What you have outlined in your original post is none of your affair. It is a business matter related to someone else. You are not her conscience. Stay out of it.

Matthew

Stay out of it? Would you stay quiet if you saw someone you know commiting a crime? How is this any different? :mad:

since he has no evidence whatever a crime was committed, he has nothing on which to base a protest, and has given no evidence that he has a vested interest in the situation.

She knows what’s right and what’s wrong. So does God, and he will judge her according to the complexity of the decision and her understanding and/or confusion about things. Leave the decision up to him.

If the bankruptcy was “corporate”, in that the business going through the process of Chapter 7 or 13…held “title” to the property or paid for the property, and was listed as an asset on the books of the business…it was subject to the bankruptcy and to lie about it under oath was illegal and sinful.

If the property was not corporate, and the title or proof of purchase could be provided to show that it was a personal asset…loaned or leased to the company…then it was not subject to the bankruptcy and there would have been no crime or sin.

Now the tricky one…if the business was operated as a “sole proprietor”…everything owned by the person is subject to the bankruptcy…possibly. But then that would be determined by a court of competent jurisdiction.

Much of the answers lie in state and federal laws, and would also depend on what the tax status of the business was…LLC, Sub-S, C, etc. It could depend on other things as well.

I can only guess that you have not been a fly on the wall, and party to all of this persons affairs business and tax wise… so I would have to agree with Tracy10…

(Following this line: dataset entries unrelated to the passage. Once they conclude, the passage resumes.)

lemma opT_iterate:
  assumes "k \<le> N" "0 < z" "z < 1" "dF lam z \<noteq> 0"
  shows "(opT lam t ^^ k) (\<lambda>w. complex_of_real ((1 - w) powr (-1/2))) z
       = complex_of_real (opT_numer N lam k z) / (- \<i> * complex_of_real t) ^ k"
  using assms
proof (induction k arbitrary: z)
  case 0
  have "opT_numer N lam 0 z = rho z"
    unfolding opT_numer_def sum_coeffA_0 by (simp add: inv_monomial_def)
  then show ?case by (simp add: rho_def)
next
  case (Suc k)
  let ?S = "{w. 0 < w \<and> w < 1 \<and> dF lam w \<noteq> 0}"
  let ?g = "(opT lam t ^^ k) (\<lambda>w. complex_of_real ((1 - w) powr (-1/2)))"
  let ?c = "- \<i> * complex_of_real t"
  have eq: "complex_of_real (opT_numer N lam k x / dF lam x) / ?c ^ Suc k
      = - ?g x / (\<i> * complex_of_real t * complex_of_real (deriv (F lam) x))" if "x \<in> ?S" for x
    using that Suc.IH[of x] Suc.prems(1) by (simp add: deriv_F field_simps)
  have "((\<lambda>x. complex_of_real (opT_numer N lam k x / dF lam x) / ?c ^ Suc k)
      has_vector_derivative complex_of_real (opT_numer N lam (Suc k) z) / ?c ^ Suc k) (at z)"
    using Suc.prems
    by (intro has_vector_derivative_divide has_vector_derivative_of_real
        has_real_derivative_opT_numer_div_dF) auto
  then have "((\<lambda>x. - ?g x / (\<i> * complex_of_real t * complex_of_real (deriv (F lam) x)))
      has_vector_derivative complex_of_real (opT_numer N lam (Suc k) z) / ?c ^ Suc k) (at z)"
    by (rule has_vector_derivative_transform_within_open[OF _ open_dF_nonzero _ eq])
      (use Suc.prems in simp)
  then show ?case
    unfolding funpow.simps comp_def opT_def by (rule vector_derivative_at)
qed
lemma eventually_nonneg_perturbation:
  fixes f p :: "'a::t2_space \<Rightarrow> real"
  assumes S: "compact S" and f: "continuous_on S f" and p: "continuous_on S p"
    and f_nonneg: "\<forall>x\<in>S. 0 \<le> f x" and p_pos: "\<forall>x\<in>S. f x = 0 \<longrightarrow> 0 < p x"
  shows "\<forall>\<^sub>F \<epsilon> in at_right 0. \<forall>x\<in>S. 0 \<le> f x + \<epsilon> * p x"
proof -
  define C where "C = {x\<in>S. p x \<le> 0}"
  have "closed C"
    unfolding C_def
    using continuous_on_closed_Collect_le[OF p continuous_on_const compact_imp_closed[OF S]] .
  moreover have "C = S \<inter> C"
    unfolding C_def by blast
  ultimately have "compact C"
    using compact_Int_closed[OF S] by metis
  have "C \<subseteq> S"
    unfolding C_def by blast
  obtain m where m: "m > 0" "\<forall>x\<in>C. m \<le> f x"
  proof (cases "C = {}")
    case False
    then obtain x0 where "x0 \<in> C" "\<forall>y\<in>C. f x0 \<le> f y"
      using continuous_attains_inf[OF \<open>compact C\<close> False continuous_on_subset[OF f \<open>C \<subseteq> S\<close>]]
      by blast
    moreover have "f x0 > 0"
      using \<open>x0 \<in> C\<close> f_nonneg p_pos unfolding C_def by force
    ultimately show ?thesis using that by blast
  qed (use that[of 1] in simp)
  obtain M where M: "\<forall>x\<in>S. \<bar>p x\<bar> \<le> M"
    using compact_imp_bounded[OF compact_continuous_image[OF p S]]
    unfolding bounded_real by auto
  have "0 \<le> f x + \<epsilon> * p x" if \<epsilon>: "0 < \<epsilon>" "\<epsilon> < m / (\<bar>M\<bar> + 1)" and x: "x \<in> S" for \<epsilon> x
  proof (cases "x \<in> C")
    case True
    have "\<epsilon> * \<bar>p x\<bar> \<le> m / (\<bar>M\<bar> + 1) * \<bar>M\<bar>"
      using \<epsilon> M x by (intro mult_mono) auto
    also have "\<dots> \<le> m"
      using m by (simp add: field_simps)
    moreover have "- (\<epsilon> * \<bar>p x\<bar>) \<le> \<epsilon> * p x"
      using \<epsilon> by (simp add: abs_if)
    moreover have "m \<le> f x"
      using True m(2) by blast
    ultimately show ?thesis
      by linarith
  next
    case False
    then show ?thesis using x \<epsilon> f_nonneg unfolding C_def by simp
  qed
  moreover have "m / (\<bar>M\<bar> + 1) > 0" using m by simp
  ultimately show ?thesis
    unfolding eventually_at_right_field by blast
qed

Note: I am not an Attorney, so what I have said carries no legal weight…its merely my opinion, and thats all. :smiley:

Look again, Rob. Original poster is in Australia (officially the southern land of the Holy Spirit). As most of us are from the US and are thus unlikely to be conversant in Australian corporate law, we are completely unqualified to comment in that area. All I can tell is that the situation is none of the business of the writer. Let it go.

Matthew

Note to self: If theres ever a moral issue going on regarding someone in my life I might want to ask on this forum, make sure to phrase it as a hypothetical or else get stink eye.